Ended up using SELECT FOR UPDATE on the waitlist row before the count check. Simple but effective. The barrier testing approach described here would have caught this much earlier in development instead of discovering it under load.

One thing I'd add: in Go, it's tempting to handle this at the application level with mutexes, but that breaks the moment you have multiple instances. Pushing the serialization down to Postgres is almost always the right call for correctness.

I'm confused.

> The simplest case: no transaction, just a SELECT and an UPDATE with a barrier between them:

There is no context where you do not have a transaction. Postgres requires them.

It's likely that the library the author is using is doing automatic implicit transactions, but it seems like the author needs to understand their tools a bit better.

This post confuses me a little. With my tests I try not to "reach inside" systems unless it's quite a specific integration test. Especially databases. In this case I feel like we're just... testing known PostgreSQL behavior?

Or to put another way; as others have observed, this could be solved with atomic updates and in some case SERIALIZABLE. These are right tools for balance operations - and if they’re used I’m not sure they need testing in this manner?

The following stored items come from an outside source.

theorem lemma5p2:
  fixes M :: "'a measure"
    and G :: "nat \<Rightarrow> 'a \<Rightarrow> complex ^'r"
    and lam :: "nat \<Rightarrow> nat \<Rightarrow> real"
    and \<mu> :: "real measure"
    and a b c d eps :: real
  assumes "prob_space M"
    and meas: "\<And>k. G k \<in> borel_measurable M"
    and indep: "prob_space.indep_vars M (\<lambda>_. borel) G {1..}"
    and ident: "\<And>k. k \<ge> 1 \<Longrightarrow> distr M borel (G k) = distr M borel (G 1)"
    and expmom: "\<exists>\<alpha>>0. integrable M (\<lambda>\<omega>. exp (\<alpha> * (\<Sum>i\<in>UNIV. (cmod (G 1 \<omega> $ i))\<^sup>2)))"
    and decr: "\<And>n i. 1 \<le> i \<Longrightarrow> i < n \<Longrightarrow> lam n i \<ge> lam n (Suc i)"
    and mu_prob: "prob_space \<mu>" and mu_sets: "sets \<mu> = sets borel"
    and weak: "\<And>f::real \<Rightarrow> real. continuous_on UNIV f \<Longrightarrow> bounded (range f) \<Longrightarrow>
         (\<lambda>n. (1 / real n) * (\<Sum>i=1..n. f (lam n i))) \<longlonglongrightarrow> integral\<^sup>L \<mu> f"
    and supp_compact: "compact (measure_support \<mu>)"
    and a_def: "a = Inf (measure_support \<mu>)" and b_def: "b = Sup (measure_support \<mu>)"
    and top: "(\<lambda>n. lam n 1) \<longlonglongrightarrow> b"
    and bot: "(\<lambda>n. lam n n) \<longlonglongrightarrow> a"
    and cd: "b < c" "c \<le> d"
    and eps: "0 < eps" "eps < 1"
    and gap: "\<forall>\<^sub>F n in sequentially. \<forall>z\<in>{c..d}. \<forall>i\<in>{1..n}. z - lam n i > eps"
  shows "Limsup at_top (\<lambda>L::real. limsup (\<lambda>n. log_rate n
            (measure M {\<omega> \<in> space M. ((\<lambda>z. Kmat G lam n z \<omega>), Cmat G n \<omega>) \<notin> CKL c d eps L})))
           = -\<infinity>
     \<and> (\<forall>B::real. \<exists>S. unif_compact c d S \<and>
          limsup (\<lambda>n. log_rate n
            (measure M {\<omega> \<in> space M. ((\<lambda>z. Kmat G lam n z \<omega>), Cmat G n \<omega>) \<notin> S})) \<le> ereal (- B))"
proof -
  obtain \<alpha> where \<alpha>: "\<alpha> > 0" and int1: "integrable M (\<lambda>\<omega>. exp (\<alpha> * (norm (G 1 \<omega>))\<^sup>2))"
    using expmom by (auto simp: norm_vec_def L2_set_def sum_nonneg)
  define A where "A = ln (\<integral>\<omega>. exp (\<alpha> * (norm (G 1 \<omega>))\<^sup>2) \<partial>M)"
  have rate: "limsup (\<lambda>n. log_rate n
      (measure M {\<omega> \<in> space M. ((\<lambda>z. Kmat G lam n z \<omega>), Cmat G n \<omega>) \<notin> CKL c d eps L}))
    \<le> ereal (A - \<alpha> * eps / 2 * L)" for L
    unfolding A_def using \<open>prob_space M\<close> meas indep ident \<alpha> int1 eps cd(2) gap
    by (rule limsup_log_rate_not_in_CKL_le)
  have slope: "\<alpha> * eps / 2 > 0" using \<alpha> eps by simp
  have "\<exists>S. unif_compact c d S \<and> limsup (\<lambda>n. log_rate n
      (measure M {\<omega> \<in> space M. ((\<lambda>z. Kmat G lam n z \<omega>), Cmat G n \<omega>) \<notin> S})) \<le> ereal (- B)"
    for B :: real
  proof (intro exI conjI)
    define L where "L = max 0 ((A + B) / (\<alpha> * eps / 2))"
    show "unif_compact c d (CKL c d eps L :: ((real \<Rightarrow> complex^'r^'r) \<times> (complex^'r^'r)) set)"
      using eps cd by (intro CKL_compact) (auto simp: L_def)
    have "(A + B) / (\<alpha> * eps / 2) \<le> L" by (simp add: L_def)
    then have "A - \<alpha> * eps / 2 * L \<le> - B"
      using slope by (simp add: pos_divide_le_eq mult.commute)
    then show "limsup (\<lambda>n. log_rate n
      (measure M {\<omega> \<in> space M. ((\<lambda>z. Kmat G lam n z \<omega>), Cmat G n \<omega>) \<notin> CKL c d eps L})) \<le> ereal (- B)"
      using rate[of L] by (simp add: order_trans)
  qed
  then show ?thesis
    using Limsup_at_top_linear_decay[OF rate slope] by blast
qed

In worst case scenario you can’t still get flaky test, right? Single thread runtime that will allow the queries to interleave sometimes and sometimes work correctly - talking about variant without "FOR UPDATE".
Right, that's a real concern with naive concurrent tests - you're at the mercy of timing and the test becomes flaky. That's exactly what the synchronization barrier solves: it forces both transactions to reach the critical point before either proceeds, so the race condition is guaranteed to occur on every run. No flakiness.